Using AI Models Running Locally (Ollama or llama.cpp)
You can run entirely offline by hosting your own LLM with either Ollama or llama.cpp. Below are detailed steps for each:
A. Ollama
-
Install Ollama
# macOS via Homebrew
brew install ollama
# or Linux via their install script
curl -fsSL https://ollama.com/install.sh | shAlternatively, you can download the Ollama binary directly from their website:
- Visit the Ollama download page.
- Click on the Download for macOS button.

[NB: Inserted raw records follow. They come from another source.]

(* Let $(R,\mathfrak m)$ be a noetherian local ring and $x\in R$. Then $$\operatorname{Att}_R(H^1_{xR}(R))=\operatorname{Spec}(R)\setminus V(x),$$ i.e. the set of prime ideals of $R$ not containing $x$.
   Context: $H^1_{xR}(\cdot)$ is the first local cohomology with support in $xR$. For an $R$-module $N$, $\operatorname{Att}_R(N)$ is the set of prime ideals $\mathfrak p$ of $R$ with $\mathfrak p=\operatorname{Ann}_R(N/U)$ for some submodule $U\subseteq N$. *)

theory Defs
  imports Main
begin

definition is_ideal :: "'a::comm_ring_1 set \<Rightarrow> bool" where
  "is_ideal I \<longleftrightarrow> 0 \<in> I \<and> (\<forall>a\<in>I. \<forall>b\<in>I. a + b \<in> I) \<and> (\<forall>r. \<forall>a\<in>I. r * a \<in> I)"

definition prime_ideal :: "'a::comm_ring_1 set \<Rightarrow> bool" where
  "prime_ideal P \<longleftrightarrow> is_ideal P \<and> P \<noteq> UNIV \<and> (\<forall>a b. a * b \<in> P \<longrightarrow> a \<in> P \<or> b \<in> P)"

definition maximal_ideal :: "'a::comm_ring_1 set \<Rightarrow> bool" where
  "maximal_ideal M \<longleftrightarrow> is_ideal M \<and> M \<noteq> UNIV \<and>
     (\<forall>J. is_ideal J \<and> M \<subseteq> J \<longrightarrow> J = M \<or> J = UNIV)"

definition ideal_gen :: "'a::comm_ring_1 set \<Rightarrow> 'a set" where
  "ideal_gen F = {(\<Sum>f\<in>F. c f * f) | c. True}"

definition noetherian_ring :: "'a::comm_ring_1 itself \<Rightarrow> bool" where
  "noetherian_ring _ \<longleftrightarrow> (\<forall>I::'a set. is_ideal I \<longrightarrow> (\<exists>F. finite F \<and> F \<subseteq> I \<and> I = ideal_gen F))"

definition local_ring_with_max :: "'a::comm_ring_1 set \<Rightarrow> bool" where
  "local_ring_with_max m \<longleftrightarrow> maximal_ideal m \<and> (\<forall>M. maximal_ideal M \<longrightarrow> M = m)"

definition Spec :: "'a::comm_ring_1 set set" where
  "Spec = {P. prime_ideal P}"

definition V :: "'a::comm_ring_1 \<Rightarrow> 'a set set" where
  "V x = {P \<in> Spec. x \<in> P}"

section \<open>H^1_{xR}(R) via the Cech complex: H^1_{xR}(R) = coker(R \<rightarrow> R_x)\<close>

text \<open>Elements of R_x are fractions a/x^n, represented by pairs (a,n).
  Two pairs represent the same element of R_x / R iff their difference lies
  in the image of R, i.e. a/x^n - b/x^m = c/1 in R_x for some c.\<close>

definition h1_rel :: "'a::comm_ring_1 \<Rightarrow> (('a \<times> nat) \<times> ('a \<times> nat)) set" where
  "h1_rel x = {((a,n),(b,m)). \<exists>c k. x^k * (x^m * a - x^n * b - x^(n+m) * c) = 0}"

definition H1 :: "'a::comm_ring_1 \<Rightarrow> ('a \<times> nat) set set" where
  "H1 x = UNIV // h1_rel x"

definition h1_zero :: "'a::comm_ring_1 \<Rightarrow> ('a \<times> nat) set" where
  "h1_zero x = h1_rel x `` {(0,0)}"

definition h1_add :: "'a::comm_ring_1 \<Rightarrow> ('a \<times> nat) set \<Rightarrow> ('a \<times> nat) set \<Rightarrow> ('a \<times> nat) set" where
  "h1_add x A B = (\<Union>(a,n)\<in>A. \<Union>(b,m)\<in>B. h1_rel x `` {(x^m * a + x^n * b, n + m)})"

definition h1_smult :: "'a::comm_ring_1 \<Rightarrow> 'a \<Rightarrow> ('a \<times> nat) set \<Rightarrow> ('a \<times> nat) set" where
  "h1_smult x r A = (\<Union>(a,n)\<in>A. h1_rel x `` {(r * a, n)})"

definition h1_submodule :: "'a::comm_ring_1 \<Rightarrow> ('a \<times> nat) set set \<Rightarrow> bool" where
  "h1_submodule x U \<longleftrightarrow> U \<subseteq> H1 x \<and> h1_zero x \<in> U \<and>
     (\<forall>A\<in>U. \<forall>B\<in>U. h1_add x A B \<in> U) \<and> (\<forall>r. \<forall>A\<in>U. h1_smult x r A \<in> U)"

definition h1_ann_quot :: "'a::comm_ring_1 \<Rightarrow> ('a \<times> nat) set set \<Rightarrow> 'a set" where
  "h1_ann_quot x U = {r. \<forall>A\<in>H1 x. h1_smult x r A \<in> U}"

definition Att_H1 :: "'a::comm_ring_1 \<Rightarrow> 'a set set" where
  "Att_H1 x = {P. prime_ideal P \<and> (\<exists>U. h1_submodule x U \<and> P = h1_ann_quot x U)}"

end

theory Submission
  imports Defs
begin

(* H^1_{xR}(R) = R_x/R is x-divisible: every class a/x^n equals x * a/x^(n+1). Hence if x
   annihilates a quotient N/U, so does every r, and no attached prime contains x.
   Conversely, for a prime P with x \<notin> P let U be the kernel of H^1_{xR}(R) \<rightarrow> H^1_{xR}(R/P).
   Then r annihilates N/U iff r \<in> x^n R + P for all n, and by Krull's intersection theorem
   in the local domain R/P this happens iff r \<in> P. *)

lemma is_ideal_zero: "is_ideal I \<Longrightarrow> 0 \<in> I"
  by (simp add: is_ideal_def)

lemma is_ideal_add: "is_ideal I \<Longrightarrow> a \<in> I \<Longrightarrow> b \<in> I \<Longrightarrow> a + b \<in> I"
  by (simp add: is_ideal_def)

lemma is_ideal_mult_left: "is_ideal I \<Longrightarrow> a \<in> I \<Longrightarrow> r * a \<in> I"
  by (simp add: is_ideal_def)

lemma is_ideal_diff: "is_ideal I \<Longrightarrow> a \<in> I \<Longrightarrow> b \<in> I \<Longrightarrow> a - b \<in> I"
  using is_ideal_add[of I a "(-1) * b"] is_ideal_mult_left[of I b "-1"] by simp

lemma is_ideal_one_imp_UNIV: "is_ideal I \<Longrightarrow> 1 \<in> I \<Longrightarrow> I = UNIV"
  using is_ideal_mult_left[of I 1] by auto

- Once the download is complete, locate the .zip file in your ~/Downloads folder.
- Double-click the .zip file to extract its contents. This should create Ollama.app.

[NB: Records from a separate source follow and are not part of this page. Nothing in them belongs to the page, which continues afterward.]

(* Let $\mathfrak A\subseteq\mathcal B(\mathcal H)$ be a von Neumann algebra and $T\in\mathfrak A$. Let $E\in\mathfrak A$ be a projection such that $ETE-E$ is invertible in $E\mathfrak A E$. Then for every $A\in(I-E)\mathfrak A E$ there exists an idempotent $P\in\mathfrak A$ such that (1) $\mathcal K(P)=I-E$; (2) $\|P\|\le 1+\|TE\|+\|A\|(\|TE\|+1)$; (3) $\operatorname{Ran}((T-P)E)=\{\xi+A\xi:\ \xi\in E\mathcal H\}$.
   Context: For $S\in\mathcal B(\mathcal H)$, $\mathcal K(S)$ denotes the orthogonal projection onto $\ker S$, and $\operatorname{Ran}(S)=\{S\xi:\xi\in\mathcal H\}$. *)

theory Defs
  imports "HOL-Analysis.Analysis"
begin

text \<open>HOL-Analysis only has real inner product spaces, so we introduce complex
Hilbert spaces as a type class: a (real) Banach space with a compatible complex
scalar multiplication and a complex inner product inducing the norm.\<close>

class chilbert = banach +
  fixes scaleC :: "complex \<Rightarrow> 'a \<Rightarrow> 'a" (infixr \<open>*\<^sub>C\<close> 75)
    and cinner :: "'a \<Rightarrow> 'a \<Rightarrow> complex"
  assumes scaleC_of_real: "complex_of_real r *\<^sub>C x = r *\<^sub>R x"
    and scaleC_add_right: "a *\<^sub>C (x + y) = a *\<^sub>C x + a *\<^sub>C y"
    and scaleC_add_left: "(a + b) *\<^sub>C x = a *\<^sub>C x + b *\<^sub>C x"
    and scaleC_scaleC: "a *\<^sub>C (b *\<^sub>C x) = (a * b) *\<^sub>C x"
    and scaleC_one: "1 *\<^sub>C x = x"
    and cinner_add_right: "cinner x (y + z) = cinner x y + cinner x z"
    and cinner_scaleC_right: "cinner x (a *\<^sub>C y) = a * cinner x y"
    and cinner_commute: "cinner x y = cnj (cinner y x)"
    and cinner_pos: "0 \<le> Re (cinner x x)"
    and cinner_eq_zero: "cinner x x = 0 \<longleftrightarrow> x = 0"
    and norm_cinner: "norm x = sqrt (Re (cinner x x))"

definition clinear_op :: "('a::chilbert \<Rightarrow> 'a) \<Rightarrow> bool" where
  "clinear_op f \<longleftrightarrow> (\<forall>x y. f (x + y) = f x + f y) \<and> (\<forall>c x. f (c *\<^sub>C x) = c *\<^sub>C f x)"

definition bop :: "('a::chilbert \<Rightarrow> 'a) set" where
  "bop = {f. clinear_op f \<and> (\<exists>K. \<forall>x. norm (f x) \<le> norm x * K)}"

definition adj :: "('a::chilbert \<Rightarrow> 'a) \<Rightarrow> ('a \<Rightarrow> 'a)" where
  "adj T = (THE S. S \<in> bop \<and> (\<forall>x y. cinner (T x) y = cinner x (S y)))"

definition commutant :: "('a::chilbert \<Rightarrow> 'a) set \<Rightarrow> ('a \<Rightarrow> 'a) set" where
  "commutant M = {S \<in> bop. \<forall>T\<in>M. S \<circ> T = T \<circ> S}"

definition von_neumann_algebra :: "('a::chilbert \<Rightarrow> 'a) set \<Rightarrow> bool" where
  "von_neumann_algebra M \<longleftrightarrow>
     M \<subseteq> bop \<and> id \<in> M \<and>
     (\<forall>S\<in>M. \<forall>T\<in>M. (\<lambda>x. S x + T x) \<in> M \<and> S \<circ> T \<in> M) \<and>
     (\<forall>c. \<forall>T\<in>M. (\<lambda>x. c *\<^sub>C T x) \<in> M) \<and>
     (\<forall>T\<in>M. adj T \<in> M) \<and>
     commutant (commutant M) = M"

- Move the Ollama.app to your Applications folder for easy access.
- Open the Applications folder and double-click on Ollama.app to launch it.
- Follow any on-screen instructions to complete the installation.
- Once installed, you can run the Ollama CLI commands in your terminal.
-
Run the Ollama server
ollama serve
By default, this listens on
http://localhost:11434
. -
Pull a model
ollama pull gemma3:12b-it-qat
This downloads the
gemma3:12b-it-qat
model, which is optimized for Kubernetes tasks. -
List models
ollama list
This command will show you all the models you have downloaded and their status.
You should see
gemma3:12b-it-qat
in the list. -
Configure
kubectl-ai
export OLLAMA_HOST="http://localhost:11434"
kubectl-ai \
--llm-provider=ollama \
--model=gemma3:12b-it-qat \
--enable-tool-use-shimThe
--enable-tool-use-shim
flag ensures the prompt includes the right instructions for invokingkubectl
. This is important for the model to understand how to interact with Kubernetes. -
Use it
- Interactive:
kubectl-ai
- Single query:
kubectl-ai --quiet "describe deployment my-app"
- Interactive:
-
Remove a model
ollama remove gemma3:12b-it-qat
This command will delete the model from your local machine.
-
Stop the server
ollama stop
This command will stop the Ollama server.
B. llama.cpp
-
Install or build
# Homebrew (macOS/Linux)
brew install llama.cppThe formula is automatically updated with new llama.cpp releases.
-
Get a model
- Download a GGUF (quantized) model from Hugging Face (e.g.
alpaca-7b-q4_0.gguf
). - Place it in
~/models/
or your chosen directory.
- Download a GGUF (quantized) model from Hugging Face (e.g.
-
Run the server
./main --model ~/models/alpaca-7b-q4_0.gguf --server
This starts an OpenAI-compatible API on
http://127.0.0.1:8080
. -
Configure
kubectl-ai
export LLAMA_CPP_SERVER="http://127.0.0.1:8080"
kubectl-ai \
--llm-provider=llama.cpp \
--model=alpaca-7b-q4_0.gguf \
--enable-tool-use-shim -
Use it
- Interactive:
kubectl-ai
- Single query:
kubectl-ai --quiet "scale deployment nginx to 4 replicas"
- Interactive:
References
With these sections in place, users have everything needed to get started with kubectl-ai
—from installation through cloud (Gemini) or local (Ollama/llama.cpp) usage.